About this exercise: Lines before the one containing "k \<and> set" are to be left out; that line and all after it, through the end of the material below, are to be written out exactly.

BEGIN

(* For every zero-error variable-length $(k,N)$ network code for the network in the context and every $\boldsymbol\sigma\in\{0,1,2,3\}^k$ having exactly $x$ components equal to $1$ and $y$ components equal to $2$, $$H(\mathbf Z_1^N,\mathbf Z_2^N\mid\boldsymbol\Sigma=\boldsymbol\sigma)\ \ge\ H(\mathbf p^\star_{x,y}).$$
   Context: Network: sources $s_1,s_2,s_3$, terminal $t$, edges $(s_3,s_1),(s_3,s_2),(s_1,t),(s_2,t)$; $s_j$ observes $\mathbf X_j\in\{0,1\}^k$, all $3k$ bits i.i.d. uniform; $s_1,s_2$ receive $\mathbf X_3$. $\mathcal Z$ is a finite alphabet, $|\mathcal Z|\ge2$. A variable-length $(k,N)$ network code: encoders $\phi_1,\phi_2:\{0,1\}^k\times\{0,1\}^k\to\mathcal Z^*$ giving sequences $\mathbf Z_1=\phi_1(\mathbf X_1,\mathbf X_3)$, $\mathbf Z_2=\phi_2(\mathbf X_2,\mathbf X_3)$; a positive-integer-valued stopping time $N$ for the sequence of pairs $(\mathbf Z_1(m),\mathbf Z_2(m))_{m\ge1}$; a decoder $\hat{\boldsymbol\Sigma}=\psi(\mathbf Z_1^N,\mathbf Z_2^N)$, $\mathbf Z_j^N$ the first $N$ symbols of $\mathbf Z_j$. $\boldsymbol\Sigma=\mathbf X_1+\mathbf X_2+\mathbf X_3$ (componentwise integer sum); zero-error means $\Pr(\hat{\boldsymbol\Sigma}\ne\boldsymbol\Sigma)=0$. Clumpy distribution: for $m=x+y$, $L=2^m$, $M=3^m$, let $n_1\ge n_2\ge\dots\ge n_L$ be the list in which, for each $u=0,1,\dots,m$, the value $2^{m-u}$ appears exactly $\binom mu$ times (so $\sum_in_i=M$); let $\mathbf e_i^\star\in\{0,1\}^L$ have ones in its first $n_i$ positions and zeros elsewhere; $\mathbf p^\star_{x,y}=\frac1M\sum_{i=1}^L\mathbf e_i^\star$. $H$ denotes Shannon entropy in bits. *)

theory Defs
  imports "HOL-Probability.Probability"
begin

definition bitvecs :: "nat \<Rightarrow> nat list set" where
  "bitvecs k = {xs. length xs = k \<and> set xs \<subseteq> {0, 1}}"

definition outcomes :: "nat \<Rightarrow> (nat list \<times> nat list \<times> nat list) set" where
  "outcomes k = bitvecs k \<times> bitvecs k \<times> bitvecs k"

definition source_pmf :: "nat \<Rightarrow> (nat list \<times> nat list \<times> nat list) pmf" where
  "source_pmf k = pmf_of_set (outcomes k)"

definition Sigma_sum :: "nat \<Rightarrow> nat list \<times> nat list \<times> nat list \<Rightarrow> nat list" where
  "Sigma_sum k \<omega> = (case \<omega> of (x1, x2, x3) \<Rightarrow> map (\<lambda>i. x1 ! i + x2 ! i + x3 ! i) [0..<k])"

text \<open>First n symbols of a sequence (symbol m of the paper, m \<ge> 1, is index m-1 here).\<close>
definition prefix_seq :: "nat \<Rightarrow> (nat \<Rightarrow> 'z) \<Rightarrow> 'z list" where
  "prefix_seq n Z = map Z [0..<n]"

END

Answer box:
  "bitvecs k = {xs. length xs = k \<and> set xs \<subseteq> {0, 1}}"

definition outcomes :: "nat \<Rightarrow> (nat list \<times> nat list \<times> nat list) set" where
  "outcomes k = bitvecs k \<times> bitvecs k \<times> bitvecs k"

definition source_pmf :: "nat \<Rightarrow> (nat list \<times> nat list \<times> nat list) pmf" where
  "source_pmf k = pmf_of_set (outcomes k)"

definition Sigma_sum :: "nat \<Rightarrow> nat list \<times> nat list \<times> nat list \<Rightarrow> nat list" where
  "Sigma_sum k \<omega> = (case \<omega> of (x1, x2, x3) \<Rightarrow> map (\<lambda>i. x1 ! i + x2 ! i + x3 ! i) [0..<k])"

text \<open>First n symbols of a sequence (symbol m of the paper, m \<ge> 1, is index m-1 here).\<close>
definition prefix_seq :: "nat \<Rightarrow> (nat \<Rightarrow> 'z) \<Rightarrow> 'z list" where
  "prefix_seq n Z = map Z [0..<n]"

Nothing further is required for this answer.